The answer must consist of every line from the entries that holds the word "exists".

[Stored data entries]
=== Section Start ===

section \<open>Numerical monoids\<close>

lemma numerical_monoid_infinite:
  assumes "numerical_monoid N"
  shows "infinite N"
proof
  assume "finite N"
  moreover have "finite (UNIV - N)"
    using assms by (simp add: numerical_monoid_def)
  ultimately have "finite (N \<union> (UNIV - N))"
    by blast
  then show False
    by simp
qed

lemma
  assumes "numerical_monoid N"
  shows nm_elem_in: "nm_elem N n \<in> N"
    and nm_elem_0: "nm_elem N 0 = 0"
    and nm_elem_less_Suc: "nm_elem N n < nm_elem N (Suc n)"
    and nm_elem_Suc_le: "k \<in> N \<Longrightarrow> nm_elem N n < k \<Longrightarrow> nm_elem N (Suc n) \<le> k"
    and nm_elem_surj: "k \<in> N \<Longrightarrow> \<exists>n. nm_elem N n = k"
proof -
  have inf: "infinite N"
    using assms by (rule numerical_monoid_infinite)
  have "0 \<in> N"
    using assms by (simp add: numerical_monoid_def)
  show "nm_elem N n \<in> N"
    unfolding nm_elem_def using inf by (rule enumerate_in_set)
  show "nm_elem N 0 = 0"
    unfolding nm_elem_def enumerate_0 using \<open>0 \<in> N\<close> by (rule Least_eq_0)
  show "nm_elem N n < nm_elem N (Suc n)"
    unfolding nm_elem_def using inf by (rule enumerate_step)
  show "k \<in> N \<Longrightarrow> \<exists>n. nm_elem N n = k"
    unfolding nm_elem_def using inf by (rule enumerate_Ex)
  show "k \<in> N \<Longrightarrow> nm_elem N n < k \<Longrightarrow> nm_elem N (Suc n) \<le> k"
    unfolding nm_elem_def enumerate_Suc''[OF inf] by (rule Least_le) simp
qed

lemma
  assumes "numerical_monoid N"
  shows nm_gap_0_pos: "0 < nm_gap N 0"
    and add_nm_gap_0: "k \<in> N \<Longrightarrow> k + nm_gap N 0 \<in> N"
  using assms nm_elem_less_Suc[OF assms, of 0] nm_elem_in[OF assms, of 1]
  by (auto simp: nm_gap_def nm_elem_0 numerical_monoid_def)

lemma nm_gap_le_nm_gap_0:
  assumes "numerical_monoid N"
  shows "nm_elem N (Suc n) \<le> nm_elem N n + nm_gap N 0"
  using nm_elem_Suc_le[OF assms add_nm_gap_0[OF assms nm_elem_in[OF assms]]] nm_gap_0_pos[OF assms]
  by simp

lemma next_in_nm_elem:
  assumes "numerical_monoid N"
  shows "next_in (int ` N) (int (nm_elem N n)) = int (nm_elem N (Suc n))"
  using assms by (intro next_in_eqI) (auto simp: nm_elem_in nm_elem_less_Suc nm_elem_Suc_le)

lemma next_in_neg_nm_elem:
  assumes "numerical_monoid N"
  shows "next_in (uminus ` int ` N) (- int (nm_elem N (Suc n))) = - int (nm_elem N n)"
proof (rule next_in_eqI)
  fix i assume "i \<in> uminus ` int ` N" "- int (nm_elem N (Suc n)) < i"
  then obtain k where "k \<in> N" "i = - int k" "k < nm_elem N (Suc n)"
    by auto
  then show "- int (nm_elem N n) \<le> i"
    using nm_elem_Suc_le[OF assms \<open>k \<in> N\<close>, of n] by (cases "nm_elem N n < k") auto
qed (use assms in \<open>auto simp: nm_elem_in nm_elem_less_Suc\<close>)

lemma power_exchange_numerical_monoid:
  assumes "numerical_monoid N" "b < a" "0 < b" "coprime a b"
  shows "power_exchange a b (int ` N) (nm_gap N 0)"
proof
  fix j k assume "j \<in> int ` N" "k \<in> int ` N" "j < k"
  then obtain n where "n \<in> N" "j = int n"
    by blast
  then show "\<exists>i\<in>int ` N. j < i \<and> i \<le> j + int (nm_gap N 0)"
    using add_nm_gap_0[OF assms(1)] nm_gap_0_pos[OF assms(1)]
    by (intro bexI[of _ "int (n + nm_gap N 0)"] imageI) auto
qed (use assms in auto)

lemma power_exchange_neg_numerical_monoid:
  assumes "numerical_monoid N" "b < a" "0 < b" "coprime a b"
  shows "power_exchange a b (uminus ` int ` N) (nm_gap N 0)"
proof
  fix j k assume "j \<in> uminus ` int ` N" "k \<in> uminus ` int ` N" "j < k"
  then obtain n n' where "n \<in> N" "j = - int n" "n' \<in> N" "n' < n"
    by auto
  then obtain l where l: "nm_elem N l = n"
    using nm_elem_surj[OF assms(1)] by blast
  moreover have "l \<noteq> 0"
  proof
    assume "l = 0"
    then show False
      using l \<open>n' < n\<close> nm_elem_0[OF assms(1)] by simp
  qed
  ultimately obtain m where "nm_elem N (Suc m) = n"
    using not0_implies_Suc by blast
  then show "\<exists>i\<in>uminus ` int ` N. j < i \<and> i \<le> j + int (nm_gap N 0)"
    using \<open>j = - int n\<close> nm_elem_in[OF assms(1), of m] nm_elem_less_Suc[OF assms(1), of m]
      nm_gap_le_nm_gap_0[OF assms(1), of m] by (intro bexI[of _ "- int (nm_elem N m)"]) auto
qed (use assms in auto)

lemma distance_set_numerical_monoid_gt:
  assumes "numerical_monoid N" "coprime a b" "b < a" "0 < b"
  shows "a ^ nm_gap N n - b ^ nm_gap N n \<in> distance_set (of_nat a / of_nat b) (int ` N)"
    and "d \<in> distance_set (of_nat a / of_nat b) (int ` N) \<Longrightarrow> d \<le> a ^ nm_gap N 0 - b ^ nm_gap N 0"
proof -
  interpret power_exchange a b "int ` N" "nm_gap N 0"
    using assms by (intro power_exchange_numerical_monoid)
  have "gap (int (nm_elem N n)) = nm_gap N n"
    using next_in_nm_elem[OF assms(1)] by (simp add: gap_def nm_gap_def)
  then show "a ^ nm_gap N n - b ^ nm_gap N n \<in> distance_set (of_nat a / of_nat b) (int ` N)"
    using power_diff_gap_in_distance_set[of "int (nm_elem N n)" "int (nm_elem N (Suc n))"]
      nm_elem_in[OF assms(1)] nm_elem_less_Suc[OF assms(1)] by simp
  show "d \<in> distance_set (of_nat a / of_nat b) (int ` N) \<Longrightarrow> d \<le> a ^ nm_gap N 0 - b ^ nm_gap N 0"
    by (rule distance_set_le)
qed

lemma distance_set_numerical_monoid_lt:
  assumes "numerical_monoid N" "coprime a b" "a < b" "0 < a"
  shows "b ^ nm_gap N n - a ^ nm_gap N n \<in> distance_set (of_nat a / of_nat b) (int ` N)"
    and "d \<in> distance_set (of_nat a / of_nat b) (int ` N) \<Longrightarrow> d \<le> b ^ nm_gap N 0 - a ^ nm_gap N 0"
proof -
  interpret power_exchange b a "uminus ` int ` N" "nm_gap N 0"
    using assms by (intro power_exchange_neg_numerical_monoid) (auto simp: coprime_commute)
  have mirror: "distance_set (of_nat b / of_nat a) (uminus ` int ` N) = distance_set (of_nat a / of_nat b) (int ` N)"
    using distance_set_mirror[of "of_nat a / of_nat b" "int ` N"] by simp
  have "gap (- int (nm_elem N (Suc n))) = nm_gap N n"
    using next_in_neg_nm_elem[OF assms(1)] by (simp add: gap_def nm_gap_def)
  then show "b ^ nm_gap N n - a ^ nm_gap N n \<in> distance_set (of_nat a / of_nat b) (int ` N)"
    using power_diff_gap_in_distance_set[of "- int (nm_elem N (Suc n))" "- int (nm_elem N n)"]
      nm_elem_in[OF assms(1)] nm_elem_less_Suc[OF assms(1)] mirror by simp
  show "d \<in> distance_set (of_nat a / of_nat b) (int ` N) \<Longrightarrow> d \<le> b ^ nm_gap N 0 - a ^ nm_gap N 0"
    using distance_set_le mirror by simp
qed

lemma abs_int_power_diff:
  "\<bar>int a ^ g - int b ^ g\<bar> = int (if b \<le> a then a ^ g - b ^ g else b ^ g - a ^ g)"
  by (simp add: of_nat_diff power_mono)

lemma distance_set_numerical_monoid:
  assumes "numerical_monoid N" "coprime a b" "2 \<le> a" "2 \<le> b"
  shows "\<bar>int a ^ nm_gap N n - int b ^ nm_gap N n\<bar> \<in> int ` distance_set (of_nat a / of_nat b) (int ` N)"
    and "d \<in> distance_set (of_nat a / of_nat b) (int ` N) \<Longrightarrow> int d \<le> \<bar>int a ^ nm_gap N 0 - int b ^ nm_gap N 0\<bar>"
proof -
  have "a \<noteq> b"
    using assms(2-4) by auto
  then show "\<bar>int a ^ nm_gap N n - int b ^ nm_gap N n\<bar> \<in> int ` distance_set (of_nat a / of_nat b) (int ` N)"
    and "d \<in> distance_set (of_nat a / of_nat b) (int ` N) \<Longrightarrow> int d \<le> \<bar>int a ^ nm_gap N 0 - int b ^ nm_gap N 0\<bar>"
    using distance_set_numerical_monoid_gt[OF assms(1,2)] distance_set_numerical_monoid_lt[OF assms(1,2)] assms(3,4)
    by (auto simp: abs_int_power_diff not_le)
qed

section \<open>Exponential Puiseux semirings\<close>

lemma exp_puiseuxE:
  assumes "x \<in> exp_puiseux r N"
  obtains Z where "set_mset Z \<subseteq> int ` N" "sum_powi r Z = x"
proof -
  from assms have "\<exists>Z. set_mset Z \<subseteq> int ` N \<and> sum_powi r Z = x"
    unfolding exp_puiseux_def
  proof (induction rule: gen_monoid.induct)
    case zero
    show ?case
      by (intro exI[of _ "{#}"]) simp
  next
    case (add y x)
    then obtain k Z where "k \<in> N" "y = r ^ k" "set_mset Z \<subseteq> int ` N" "sum_powi r Z = x"
      by blast
    then show ?case
      by (intro exI[of _ "add_mset (int k) Z"]) auto
  qed
  then show ?thesis
    using that by blast
qed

=== Section End ===

OUTPUT FOR THIS TASK:
    and nm_elem_surj: "k \<in> N \<Longrightarrow> \<exists>n. nm_elem N n = k"
  show "k \<in> N \<Longrightarrow> \<exists>n. nm_elem N n = k"
  then show "\<exists>i\<in>int ` N. j < i \<and> i \<le> j + int (nm_gap N 0)"
  then show "\<exists>i\<in>uminus ` int ` N. j < i \<and> i \<le> j + int (nm_gap N 0)"
  from assms have "\<exists>Z. set_mset Z \<subseteq> int ` N \<and> sum_powi r Z = x"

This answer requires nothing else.